Data section »
(* Let $U$ be a subgroup of $G^*$, let $(p_j)_{j=1}^R\in\mathcal{P}^R$ be a system of representatives of the $U$-orbits of $\mathcal{P}$ (i.e. the sets $p_j^U=\{p_j^\varphi:\varphi\in U\}$, $j=1,\dots,R$, are exactly the distinct orbits $\{p^\varphi:\varphi\in U\}$, $p\in\mathcal{P}$), and let $(\mu_j)_{j=1}^R$ be matchings with $\mu_j\in C^U(p_j)$ for every $j$. Then there exists a unique resolute and $U$-symmetric matching mechanism $H$ such that $H(p_j)=\{\mu_j\}$ for every $j\in\{1,\dots,R\}$.
   Context: Fix $n\ge 2$, $W=\{1,\dots,n\}$, $M=\{n+1,\dots,2n\}$, $I=W\cup M$. Permutations compose right-to-left. A preference profile is a function $p$ on $I$ assigning to each $x\in W$ a linear order $p(x)$ on $M$ and to each $y\in M$ a linear order $p(y)$ on $W$; $\mathcal{P}$ is the set of preference profiles. A matching is a permutation $\mu$ of $I$ with $\mu(W)=M$, $\mu(M)=W$, $\mu(\mu(z))=z$; $\mathcal{M}$ is the set of matchings. $G^*=\{\varphi\in\mathrm{Sym}(I):\{\varphi(W),\varphi(M)\}=\{W,M\}\}$. For a linear order $R$ on $X\subseteq I$ and $\varphi\in\mathrm{Sym}(I)$, $\varphi R$ is the relation on $\varphi(X)$ with $(a,b)\in\varphi R$ iff $(\varphi^{-1}(a),\varphi^{-1}(b))\in R$. For $\varphi\in G^*$, $p^\varphi(z)=\varphi\,p(\varphi^{-1}(z))$ (this defines a group action of $G^*$ on $\mathcal{P}$); $\mu^\varphi=\varphi\mu\varphi^{-1}$; $S^\varphi=\{\mu^\varphi:\mu\in S\}$. A matching mechanism is a correspondence $F$ from $\mathcal{P}$ to $\mathcal{M}$; resolute if $|F(p)|=1$ for all $p$; $U$-symmetric if $F(p^\varphi)=F(p)^\varphi$ for all $p$, $\varphi\in U$. $\mathrm{Stab}_U(p)=\{\varphi\in U:p^\varphi=p\}$ and $C^U(p)=\{\mu\in\mathcal{M}:\mu^\varphi=\mu\text{ for all }\varphi\in\mathrm{Stab}_U(p)\}$. *)

theory Defs
  imports "HOL-Combinatorics.Permutations"
begin

type_synonym profile = "nat \<Rightarrow> (nat \<times> nat) set"
type_synonym matching = "nat \<Rightarrow> nat"

definition Wset :: "nat \<Rightarrow> nat set" where "Wset n = {1..n}"
definition Mset :: "nat \<Rightarrow> nat set" where "Mset n = {n+1..2*n}"
definition Iset :: "nat \<Rightarrow> nat set" where "Iset n = Wset n \<union> Mset n"

text \<open>Preference profiles. Linear orders are reflexive linear orders (linear_order_on).
  Outside the agent set I the profile is fixed to the empty relation (functions in HOL are total).\<close>
definition profiles :: "nat \<Rightarrow> profile set" where
  "profiles n = {p. (\<forall>x\<in>Wset n. linear_order_on (Mset n) (p x))
                  \<and> (\<forall>y\<in>Mset n. linear_order_on (Wset n) (p y))
                  \<and> (\<forall>z. z \<notin> Iset n \<longrightarrow> p z = {})}"

definition matchings :: "nat \<Rightarrow> matching set" where
  "matchings n = {\<mu>. \<mu> permutes Iset n \<and> \<mu> ` Wset n = Mset n \<and> \<mu> ` Mset n = Wset n
                    \<and> (\<forall>z\<in>Iset n. \<mu> (\<mu> z) = z)}"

Exercise objective » Print every line of the listing exactly.

Expected output »
(* Let $U$ be a subgroup of $G^*$, let $(p_j)_{j=1}^R\in\mathcal{P}^R$ be a system of representatives of the $U$-orbits of $\mathcal{P}$ (i.e. the sets $p_j^U=\{p_j^\varphi:\varphi\in U\}$, $j=1,\dots,R$, are exactly the distinct orbits $\{p^\varphi:\varphi\in U\}$, $p\in\mathcal{P}$), and let $(\mu_j)_{j=1}^R$ be matchings with $\mu_j\in C^U(p_j)$ for every $j$. Then there exists a unique resolute and $U$-symmetric matching mechanism $H$ such that $H(p_j)=\{\mu_j\}$ for every $j\in\{1,\dots,R\}$.
   Context: Fix $n\ge 2$, $W=\{1,\dots,n\}$, $M=\{n+1,\dots,2n\}$, $I=W\cup M$. Permutations compose right-to-left. A preference profile is a function $p$ on $I$ assigning to each $x\in W$ a linear order $p(x)$ on $M$ and to each $y\in M$ a linear order $p(y)$ on $W$; $\mathcal{P}$ is the set of preference profiles. A matching is a permutation $\mu$ of $I$ with $\mu(W)=M$, $\mu(M)=W$, $\mu(\mu(z))=z$; $\mathcal{M}$ is the set of matchings. $G^*=\{\varphi\in\mathrm{Sym}(I):\{\varphi(W),\varphi(M)\}=\{W,M\}\}$. For a linear order $R$ on $X\subseteq I$ and $\varphi\in\mathrm{Sym}(I)$, $\varphi R$ is the relation on $\varphi(X)$ with $(a,b)\in\varphi R$ iff $(\varphi^{-1}(a),\varphi^{-1}(b))\in R$. For $\varphi\in G^*$, $p^\varphi(z)=\varphi\,p(\varphi^{-1}(z))$ (this defines a group action of $G^*$ on $\mathcal{P}$); $\mu^\varphi=\varphi\mu\varphi^{-1}$; $S^\varphi=\{\mu^\varphi:\mu\in S\}$. A matching mechanism is a correspondence $F$ from $\mathcal{P}$ to $\mathcal{M}$; resolute if $|F(p)|=1$ for all $p$; $U$-symmetric if $F(p^\varphi)=F(p)^\varphi$ for all $p$, $\varphi\in U$. $\mathrm{Stab}_U(p)=\{\varphi\in U:p^\varphi=p\}$ and $C^U(p)=\{\mu\in\mathcal{M}:\mu^\varphi=\mu\text{ for all }\varphi\in\mathrm{Stab}_U(p)\}$. *)

theory Defs
  imports "HOL-Combinatorics.Permutations"
begin

type_synonym profile = "nat \<Rightarrow> (nat \<times> nat) set"
type_synonym matching = "nat \<Rightarrow> nat"

definition Wset :: "nat \<Rightarrow> nat set" where "Wset n = {1..n}"
definition Mset :: "nat \<Rightarrow> nat set" where "Mset n = {n+1..2*n}"
definition Iset :: "nat \<Rightarrow> nat set" where "Iset n = Wset n \<union> Mset n"

text \<open>Preference profiles. Linear orders are reflexive linear orders (linear_order_on).
  Outside the agent set I the profile is fixed to the empty relation (functions in HOL are total).\<close>
definition profiles :: "nat \<Rightarrow> profile set" where
  "profiles n = {p. (\<forall>x\<in>Wset n. linear_order_on (Mset n) (p x))
                  \<and> (\<forall>y\<in>Mset n. linear_order_on (Wset n) (p y))
                  \<and> (\<forall>z. z \<notin> Iset n \<longrightarrow> p z = {})}"

definition matchings :: "nat \<Rightarrow> matching set" where
  "matchings n = {\<mu>. \<mu> permutes Iset n \<and> \<mu> ` Wset n = Mset n \<and> \<mu> ` Mset n = Wset n
                    \<and> (\<forall>z\<in>Iset n. \<mu> (\<mu> z) = z)}"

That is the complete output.